Each model offers distinct advantages and considerations:
- Fully Insured: Predictable costs and minimal administrative work, but limited transparency and flexibility.
- Cooperatives / Consortiums: These formal organizations share risk among similar entities for stronger buying power and collaboration among like-minded public entities.
- Level Funded: Combines the predictability of fully insured plans with some of the data access and control of self-funding. Employers pay a set monthly amount, with potential savings if claims are lower than expected.
- Self-Funded (Captive): Allows multiple employers, often within similar industries like school districts, to pool risk and gain the long-term cost advantages of self-funding while maintaining stability and shared protection.
- Self-Funded (Individual): Provides maximum control, transparency, and flexibility, but also places full financial responsibility for claims and plan performance on the employer.
The key is to evaluate not only the numbers, but also the level of control, transparency, and customization your leadership team needs.
Identify the Right Timing
Switching funding models isn’t just a financial decision. It’s a timing decision. Consider making a change when:

- Renewal projections signal unsustainable premium growth.
- Your leadership team is ready to act on data insights and cost-containment opportunities.
- You have internal bandwidth and/or support to manage a transition effectively.
- Your organization is ready to take on the challenge; remembering that change requires change.
Strategic timing allows your organization to capture the full value of a new model while understanding necessary transitions for employees.

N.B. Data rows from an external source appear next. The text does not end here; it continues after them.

text \<open>Edges leaving A only add the nonnegative terms \<open>\<xi>(x)\<^sup>2\<close>, so the energy of \<open>\<xi>\<close> in X
  dominates its energy inside A.\<close>
lemma dirichlet_energy_le_l2_inner_laplacian:
  assumes "finite A" "A \<subseteq> X" and vanish: "\<And>x. x \<notin> A \<Longrightarrow> \<xi> x = 0"
    and finite_balls: "\<And>x. x \<in> A \<Longrightarrow> finite {y\<in>X. dist x y \<le> R}"
  shows "dirichlet_energy A R \<xi> \<le> l2_inner X (laplacian X R \<xi>) \<xi>"
proof -
  have local_ge: "(\<Sum>y\<in>{y\<in>A. dist x y \<le> R}. (\<xi> x - \<xi> y) * \<xi> x) \<le> laplacian X R \<xi> x * \<xi> x"
    if "x \<in> A" for x
  proof -
    have "(\<Sum>y\<in>{y\<in>A. dist x y \<le> R}. (\<xi> x - \<xi> y) * \<xi> x) \<le> (\<Sum>y\<in>{y\<in>X. dist x y \<le> R}. (\<xi> x - \<xi> y) * \<xi> x)"
      using \<open>A \<subseteq> X\<close> finite_balls[OF that] vanish
      by (intro sum_mono2) (auto simp: power2_eq_square[symmetric])
    then show ?thesis
      by (simp add: laplacian_def sum_distrib_right)
  qed
  have "dirichlet_energy A R \<xi> = (\<Sum>x\<in>A. \<Sum>y\<in>{y\<in>A. dist x y \<le> R}. (\<xi> x - \<xi> y) * \<xi> x)"
    unfolding sum_edges_diff_mult_eq_dirichlet_energy[symmetric] edges_eq_Sigma
    using \<open>finite A\<close> by (subst sum.Sigma) auto
  also have "\<dots> \<le> (\<Sum>x\<in>A. laplacian X R \<xi> x * \<xi> x)"
    by (rule sum_mono) (rule local_ge)
  also have "\<dots> = l2_inner X (laplacian X R \<xi>) \<xi>"
    using assms by (simp add: l2_inner_eq_sum_support)
  finally show ?thesis .
qed

lemma supp_in_ball_subset_double:
  assumes "supp_in_ball X \<phi> S" "A \<subseteq> X" "x1 \<in> A" "\<phi> x1 \<noteq> 0"
  shows "supp_in_ball A \<phi> (2 * S)"
proof -
  obtain x0 where x0: "\<And>x. x \<in> X \<Longrightarrow> \<phi> x \<noteq> 0 \<Longrightarrow> dist x0 x \<le> S"
    using assms(1) unfolding supp_in_ball_def by blast
  have "dist x1 x \<le> 2 * S" if "x \<in> A" "\<phi> x \<noteq> 0" for x
  proof -
    have "x \<in> X" "x1 \<in> X" using assms that by auto
    then show ?thesis
      using x0[of x] x0[of x1] assms that dist_triangle[of x1 x x0] by (simp add: dist_commute)
  qed
  then show ?thesis
    unfolding supp_in_ball_def using \<open>x1 \<in> A\<close> by blast
qed

lemma l2_inner_laplacian_ge_of_expansion:
  fixes K c :: real
  assumes "finite A" "A \<subseteq> X"
    and balls: "\<And>x. x \<in> A \<Longrightarrow> finite {y\<in>X. dist x y \<le> R} \<and> card {y\<in>X. dist x y \<le> R} \<le> K"
    and "K > 0" "c > 0"
    and expansion: "\<And>\<phi>. supp_in_ball A \<phi> (2 * S) \<Longrightarrow>
          c * (\<Sum>x\<in>A. \<bar>\<phi> x\<bar>) \<le> (\<Sum>(x,y)\<in>edges A R. \<bar>\<phi> x - \<phi> y\<bar>)"
    and vanish: "\<And>x. x \<notin> A \<Longrightarrow> \<xi> x = 0" and "l2_norm X \<xi> = 1" and "supp_in_ball X \<xi> S"
  shows "c\<^sup>2 / (8 * K) \<le> l2_inner X (laplacian X R \<xi>) \<xi>"
proof -
  have card_le: "card {y\<in>A. dist x y \<le> R} \<le> K" if "x \<in> A" for x
    using balls[OF that] card_mono[of "{y\<in>X. dist x y \<le> R}" "{y\<in>A. dist x y \<le> R}"] \<open>A \<subseteq> X\<close>
    by force
  have unit: "(\<Sum>x\<in>A. (\<xi> x)\<^sup>2) = 1"
    using \<open>l2_norm X \<xi> = 1\<close> l2_norm_eq_sum_support[OF \<open>finite A\<close> \<open>A \<subseteq> X\<close> vanish] by simp
  then obtain x1 where "x1 \<in> A" "\<xi> x1 \<noteq> 0"
    by (metis (mono_tags, lifting) power_zero_numeral sum.neutral zero_neq_one)
  then have "supp_in_ball A (\<lambda>x. (\<xi> x)\<^sup>2) (2 * S)"
    using \<open>supp_in_ball X \<xi> S\<close> \<open>A \<subseteq> X\<close>
    by (intro supp_in_ball_subset_double[of X]) (auto simp: supp_in_ball_def)
  from expansion[OF this]
  have "c * (\<Sum>x\<in>A. (\<xi> x)\<^sup>2) \<le> (\<Sum>(x,y)\<in>edges A R. \<bar>(\<xi> x)\<^sup>2 - (\<xi> y)\<^sup>2\<bar>)"
    by simp
  from dirichlet_energy_ge[OF \<open>finite A\<close> card_le _ _ this]
  have "c\<^sup>2 / (8 * K) \<le> dirichlet_energy A R \<xi>"
    using \<open>K > 0\<close> \<open>c > 0\<close> unit by simp
  also have "\<dots> \<le> l2_inner X (laplacian X R \<xi>) \<xi>"
    using assms by (intro dirichlet_energy_le_l2_inner_laplacian) auto
  finally show ?thesis .
qed

theorem lemma3p2:
  fixes Xs :: "nat \<Rightarrow> 'a::metric_space set"
  defines "X \<equiv> (\<Union>n. Xs n)"
  assumes "coarse_disjoint_union Xs"
    and "bounded_geometry X"
    and "weak_expander Xs"
  shows "\<exists>R>0. \<exists>\<kappa>>0. \<forall>S>0. \<exists>N. \<forall>n\<ge>N. \<forall>\<xi>::'a \<Rightarrow> real.
           (\<forall>x. x \<notin> Xs n \<longrightarrow> \<xi> x = 0) \<longrightarrow> l2_norm X \<xi> = 1 \<longrightarrow> supp_in_ball X \<xi> S \<longrightarrow>
           l2_inner X (laplacian X R \<xi>) \<xi> \<ge> \<kappa>"
proof -
  obtain c R where "c > 0" "R > 0" and expander: "\<forall>S>0. \<exists>N. \<forall>n\<ge>N. \<forall>\<phi>::'a \<Rightarrow> real.
        supp_in_ball (Xs n) \<phi> S \<longrightarrow>
        (\<Sum>(x,y)\<in>edges (Xs n) R. \<bar>\<phi> x - \<phi> y\<bar>) \<ge> c * (\<Sum>x\<in>Xs n. \<bar>\<phi> x\<bar>)"
    using assms(4) unfolding weak_expander_def by blast
  obtain K :: nat where K: "\<forall>x\<in>X. finite {y\<in>X. dist x y \<le> R} \<and> card {y\<in>X. dist x y \<le> R} \<le> K"
    using assms(3) \<open>R > 0\<close> unfolding bounded_geometry_def by blast
  have pieces: "finite (Xs n)" "Xs n \<subseteq> X" for n
    using assms(2) unfolding coarse_disjoint_union_def X_def by blast+
  define \<kappa> where "\<kappa> = c\<^sup>2 / (8 * (real K + 1))"
  have "\<exists>N. \<forall>n\<ge>N. \<forall>\<xi>::'a \<Rightarrow> real.
           (\<forall>x. x \<notin> Xs n \<longrightarrow> \<xi> x = 0) \<longrightarrow> l2_norm X \<xi> = 1 \<longrightarrow> supp_in_ball X \<xi> S \<longrightarrow>
           l2_inner X (laplacian X R \<xi>) \<xi> \<ge> \<kappa>" if "S > 0" for S
  proof -
    obtain N where N: "\<forall>n\<ge>N. \<forall>\<phi>::'a \<Rightarrow> real. supp_in_ball (Xs n) \<phi> (2 * S) \<longrightarrow>
          (\<Sum>(x,y)\<in>edges (Xs n) R. \<bar>\<phi> x - \<phi> y\<bar>) \<ge> c * (\<Sum>x\<in>Xs n. \<bar>\<phi> x\<bar>)"
      using expander \<open>S > 0\<close> by (meson mult_pos_pos zero_less_numeral)
    have "\<kappa> \<le> l2_inner X (laplacian X R \<xi>) \<xi>"
      if "n \<ge> N" "\<forall>x. x \<notin> Xs n \<longrightarrow> \<xi> x = 0" "l2_norm X \<xi> = 1" "supp_in_ball X \<xi> S" for n \<xi>
      unfolding \<kappa>_def
    proof (rule l2_inner_laplacian_ge_of_expansion[OF pieces])
      show "\<And>x. x \<in> Xs n \<Longrightarrow> finite {y\<in>X. dist x y \<le> R} \<and> card {y\<in>X. dist x y \<le> R} \<le> real K + 1"
        using K pieces(2) by fastforce
      show "\<And>\<phi>. supp_in_ball (Xs n) \<phi> (2 * S) \<Longrightarrow>
          c * (\<Sum>x\<in>Xs n. \<bar>\<phi> x\<bar>) \<le> (\<Sum>(x,y)\<in>edges (Xs n) R. \<bar>\<phi> x - \<phi> y\<bar>)"
        using N \<open>n \<ge> N\<close> by blast
    qed (use that \<open>c > 0\<close> in auto)
    then show ?thesis by blast
  qed
  moreover have "\<kappa> > 0"
    using \<open>c > 0\<close> by (simp add: \<kappa>_def)
  ultimately show ?thesis
    using \<open>R > 0\<close> by blast
qed
text \<open>Realise U as the identity on ((0,1), Lebesgue measure). The quantile function Q pushes this
  space forward to F, so \<mu>F = E Q and \<sigma>F^2 = var Q. With G = \<gamma> + \<lambda> Q, the function
  h_\<lambda> = \<mu> + \<sigma> (G - E G) / std G is an affine combination of the centred Q and \<gamma>, and expanding
  the square gives
    d_W(Q, h_\<lambda>)^2 = (\<mu>F - \<mu>)^2 + \<sigma>F^2 + \<sigma>^2 - 2 \<sigma> cov(Q, G) / std G,
  where cov(Q, G) = C + \<lambda> \<sigma>F^2 and var G = V + 2 \<lambda> C + \<lambda>^2 \<sigma>F^2. So d_W^2 = \<epsilon> iff
  \<sigma> (C + \<lambda> \<sigma>F^2) = K std G; squaring turns this into (C + \<lambda> \<sigma>F^2)^2 = \<Delta>, whose
  nonnegative root gives \<lambda>. The signs needed along the way come from C \<ge> 0 (Chebyshev's
  association inequality: Q and \<gamma> are both nondecreasing), V > 0 (\<gamma> is monotone and not
  constant), Cauchy-Schwarz C^2 \<le> V \<sigma>F^2, and the two bounds on \<epsilon>, which say exactly
  K < \<sigma> \<sigma>F and \<sigma> C \<le> K sqrt V.\<close>

definition U01 :: "real measure" where
  "U01 = restrict_space lborel {0<..<1}"

lemma space_U01 [simp]: "space U01 = {0<..<1}"
  by (simp add: U01_def space_restrict_space)

interpretation U01: prob_space U01
  unfolding U01_def
  by (auto simp: emeasure_restrict_space space_restrict_space intro!: prob_spaceI)

lemma measure_U01 [simp]: "measure U01 {0<..<1} = 1"
  using U01.prob_space by simp

lemma EU_eq_integral_U01: "EU f = integral\<^sup>L U01 f"
  unfolding EU_def set_lebesgue_integral_def U01_def
  by (subst integral_restrict_space) auto

lemma set_integrable_iff_integrable_U01:
  "set_integrable lborel {0<..<1} f \<longleftrightarrow> integrable U01 (f :: real \<Rightarrow> real)"
  unfolding set_integrable_def U01_def
  using integrable_restrict_space[of "{0<..<1}" lborel f] by simp

lemma set_borel_measurable_iff_measurable_U01:
  "set_borel_measurable lborel {0<..<1} f \<longleftrightarrow> (f :: real \<Rightarrow> real) \<in> borel_measurable U01"
  unfolding set_borel_measurable_def U01_def
  by (subst borel_measurable_restrict_space_iff) auto

lemma AE_U01_ex_in_interval:
  assumes "AE u in U01. P u" and "0 \<le> a" "a < b" "b \<le> 1"
  shows "\<exists>u\<in>{a<..<b}. P u"
proof (rule ccontr)
  assume none: "\<not> (\<exists>u\<in>{a<..<b}. P u)"
  obtain N where N: "{u \<in> space U01. \<not> P u} \<subseteq> N" "N \<in> null_sets U01"
    using assms(1) unfolding eventually_ae_filter by blast
  have sub: "{a<..<b} \<subseteq> {0<..<1}" using assms(2,4) by auto
  have "{a<..<b} \<subseteq> N"
    using N(1) none sub by force
  then have "{a<..<b} \<in> null_sets U01"
    using sub by (intro null_sets_subset[OF N(2)]) (auto simp: U01_def sets_restrict_space_iff)
  moreover have "emeasure U01 {a<..<b} = ennreal (b - a)"
    using sub assms(3) by (simp add: U01_def emeasure_restrict_space Int_absorb2)
  ultimately show False using assms(3) by (simp add: null_setsD1)
qed
text \<open>Every prime below \<open>rpr k\<close> is in \<open>U\<close>: by strong induction, it is either one of the RPR-primes
  \<open>rpr i\<close>, \<open>i < k\<close>, or the successor of a smaller prime.\<close>

lemma Least_prime_notin_chain_closed:
  assumes closed: "\<And>x. x \<in> U \<Longrightarrow> chain_next x \<in> U"
    and RPR_part: "{x \<in> U. RPR_prime x} = rpr ` {..<k}"
  shows "(LEAST p. prime p \<and> p \<notin> U) = rpr k"
proof (rule Least_equality)
  have "rpr i < rpr k" if "i < k" for i
    using enumerate_mono[OF that infinite_RPR_primes] .
  then have "rpr k \<notin> rpr ` {..<k}"
    by (metis imageE lessThan_iff less_irrefl)
  then show "prime (rpr k) \<and> rpr k \<notin> U"
    using RPR_part RPR_prime_rpr unfolding RPR_prime_def by blast
next
  have "p \<in> U" if "prime p" "p < rpr k" for p
    using that
  proof (induction p rule: less_induct)
    case (less p)
    show ?case
    proof (cases "RPR_prime p")
      case True
      then obtain i where "rpr i = p" using enumerate_Ex[OF infinite_RPR_primes] by auto
      with less.prems(2) have "i < k" using enumerate_mono_iff[OF infinite_RPR_primes] by metis
      with \<open>rpr i = p\<close> True show ?thesis using RPR_part by blast
    next
      case False
      with less.prems(1) obtain q where "prime q" "chain_next q = p"
        unfolding RPR_prime_iff_not_chain_next by blast
      moreover from this have "q < p" using chain_next(2) by blast
      ultimately show ?thesis using less closed by force
    qed
  qed
  then show "rpr k \<le> y" if "prime y \<and> y \<notin> U" for y
    using that not_le by blast
qed
lemma non_checkered_spanning_tree:
  assumes fin: "finite V" and E: "E \<subseteq> {e. card e = 2 \<and> e \<subseteq> V}"
    and conn: "graph_connected V E" and deg: "\<And>v. v \<in> V \<Longrightarrow> degree V E v \<le> 3"
    and not_tree: "\<not> is_tree V E"
  shows "\<exists>T \<subseteq> E. is_tree V T \<and> \<not> checkered_graph V T"
proof -
  obtain f where f: "f \<in> E" "graph_connected V (E - {f})"
    using not_tree E conn unfolding is_tree_def by blast
  then obtain x y where xy: "f = {x, y}" "x \<in> V" "y \<in> V" "x \<noteq> y"
    using E by (auto simp: card_2_iff)
  obtain p d where pt: "parent_tree V y p d" and sub: "parent_tree.tree_arcs V y p \<subseteq> E - {f}"
    using connected_graph_has_parent_tree[of "E - {f}" V y] f E xy by blast
  interpret parent_tree V y p d by (fact pt)
  have new: "{x, y} \<notin> tree_arcs" using sub xy(1) by blast
  have "degree V tree_arcs x \<le> 2"
    using degree_less_if_edge_removed[OF fin xy(3), of x E tree_arcs] deg[OF xy(2)] sub f xy
    by (simp add: insert_commute)
  moreover have "degree V tree_arcs y \<le> 2"
    using degree_less_if_edge_removed[OF fin xy(2), of y E tree_arcs] deg[OF xy(3)] sub f xy
    by simp
  moreover obtain c where c: "x \<in> subtree c" "c \<in> V" "c \<noteq> y" "p c = y"
    using root_child_above xy by blast
  ultimately have "\<not> checkered_graph V tree_arcs
      \<or> \<not> checkered_graph V (insert {x, y} (tree_arcs - {{x, p x}}))
      \<or> \<not> checkered_graph V (insert {x, y} (tree_arcs - {{c, p c}}))"
    using three_exchanges_not_all_checkered[OF fin xy(2) _ new] xy by blast
  moreover have "is_tree V (insert {x, y} (tree_arcs - {{x, p x}}))"
    using exchange_is_tree[OF fin xy(2) _ self_in_subtree[OF xy(2)] xy(3) root_notin_subtree new] xy
    by blast
  moreover have "is_tree V (insert {x, y} (tree_arcs - {{c, p c}}))"
    using exchange_is_tree[OF fin c(2,3,1) xy(3) root_notin_subtree[OF c(3)] new] .
  moreover have "insert {x, y} (tree_arcs - {{a, p a}}) \<subseteq> E" for a
    using sub f xy by blast
  ultimately show ?thesis using is_tree_tree_arcs sub by blast
qed

section \<open>The weak dual of a simplicial 2-manifold\<close>

lemma doubleton_in_dual_arcs_iff:
  "{s, t} \<in> dual_arcs K \<longleftrightarrow> s \<in> K \<and> t \<in> K \<and> s \<noteq> t \<and> card (s \<inter> t) = 2"
  unfolding dual_arcs_def by (auto simp: doubleton_eq_iff Int_commute)

lemma singleton_notin_dual_arcs [simp]: "{s} \<notin> dual_arcs K"
  using doubleton_in_dual_arcs_iff[of s s] by simp

lemma dual_arcs_subset: "dual_arcs K \<subseteq> {e. card e = 2 \<and> e \<subseteq> K}"
  by (auto simp: dual_arcs_def card_2_iff)

lemma checkered_coloring_iff_checkered_dual:
  "checkered_coloring K \<longleftrightarrow> checkered_graph K (dual_arcs K)"
proof -
  have "degree K (dual_arcs K) t = card {s\<in>K. s \<noteq> t \<and> card (s \<inter> t) = 2}" if "t \<in> K" for t
    unfolding degree_def using that by (metis doubleton_in_dual_arcs_iff)
  then show ?thesis
    unfolding checkered_coloring_def checkered_graph_def checkered_graph_coloring_def
    by (simp add: doubleton_in_dual_arcs_iff)
qed

definition star_rel :: "'a set set set \<Rightarrow> 'a \<Rightarrow> ('a set \<times> 'a set) set" where
  "star_rel T v = {(s, t). {s, t} \<in> T \<and> v \<in> s \<and> v \<in> t}"

lemma star_path_edge_path: "(s, t) \<in> (star_rel T v)\<^sup>* \<Longrightarrow> (s, t) \<in> (edge_rel T)\<^sup>*"
  by (rule rtrancl_mono[THEN subsetD]) (auto simp: star_rel_def)

locale simplicial_surface =
  fixes K :: "'v set set"
  assumes manifold: "simplicial_2_manifold K"
begin

lemma finite_facets: "finite K"
  using manifold by (simp add: simplicial_2_manifold_def)

lemma card_facet: "t \<in> K \<Longrightarrow> card t = 3"
  using manifold by (simp add: simplicial_2_manifold_def)

lemma finite_facet: "t \<in> K \<Longrightarrow> finite t"
  using card_facet by (metis card.infinite zero_neq_numeral)

lemma no_three_facets_share_edge:
  assumes "card e = 2" "e \<subseteq> s" "e \<subseteq> t" "e \<subseteq> u" "s \<in> K" "t \<in> K" "u \<in> K"
    "s \<noteq> t" "s \<noteq> u" "t \<noteq> u"
  shows False
proof -
  have "e \<in> cedges K" unfolding cedges_def using assms by blast
  then have "card {t\<in>K. e \<subseteq> t} \<le> 2" using manifold by (simp add: simplicial_2_manifold_def)
  moreover have "card {s, t, u} \<le> card {t\<in>K. e \<subseteq> t}"
    using assms(2-7) finite_facets by (intro card_mono) auto
  ultimately show False using assms(8-10) by simp
qed

lemma card_inter_facets_le_2:
  assumes "s \<in> K" "t \<in> K" "s \<noteq> t"
  shows "card (s \<inter> t) \<le> 2"
proof (rule ccontr)
  assume "\<not> card (s \<inter> t) \<le> 2"
  then have "card s \<le> card (s \<inter> t)" "card t \<le> card (s \<inter> t)"
    using card_facet assms(1,2) by auto
  then have "s \<inter> t = s" "s \<inter> t = t"
    using finite_facet assms(1,2) by (metis Int_lower1 Int_lower2 card_seteq)+
  then show False using assms(3) by simp
qed

lemma dual_arc_if_common_vertices:
  assumes "s \<in> K" "t \<in> K" "s \<noteq> t" "a \<noteq> b" "a \<in> s \<inter> t" "b \<in> s \<inter> t"
  shows "{s, t} \<in> dual_arcs K"
proof -
  have "card {a, b} \<le> card (s \<inter> t)"
    using assms(5,6) finite_facet[OF assms(1)] by (intro card_mono) auto
  then have "card (s \<inter> t) = 2"
    using card_inter_facets_le_2[OF assms(1-3)] assms(4) by simp
  then show ?thesis using assms(1-3) by (simp add: doubleton_in_dual_arcs_iff)
qed

lemma star_path_if_common_edge:
  assumes "s \<in> K" "t \<in> K" "v \<noteq> a" "v \<in> s \<inter> t" "a \<in> s \<inter> t"
  shows "(s, t) \<in> (star_rel (dual_arcs K) v)\<^sup>*"
proof (cases "s = t")
  case False
  then have "(s, t) \<in> star_rel (dual_arcs K) v"
    using dual_arc_if_common_vertices[OF assms(1,2) False assms(3-5)] assms(4)
    by (simp add: star_rel_def)
  then show ?thesis by simp
qed simp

Involve the Right Partners
The best funding decisions are made collaboratively. Engage your broker or consultant early to run multi-year projections, benchmark against similar entities, and model “what-if” scenarios. The goal is to make informed, data-driven decisions that balance cost, compliance, and employee experience.
Communicate and Educate
Even the most financially sound strategy can fall short if it isn’t well-communicated. Make sure employees understand why a change is being made and how it impacts them. Whether the outcome is immediately beneficial or not, transparent, proactive communication helps build trust, reduce confusion, and foster understanding during transition periods. Informed employees are more likely to engage constructively, even when changes are difficult.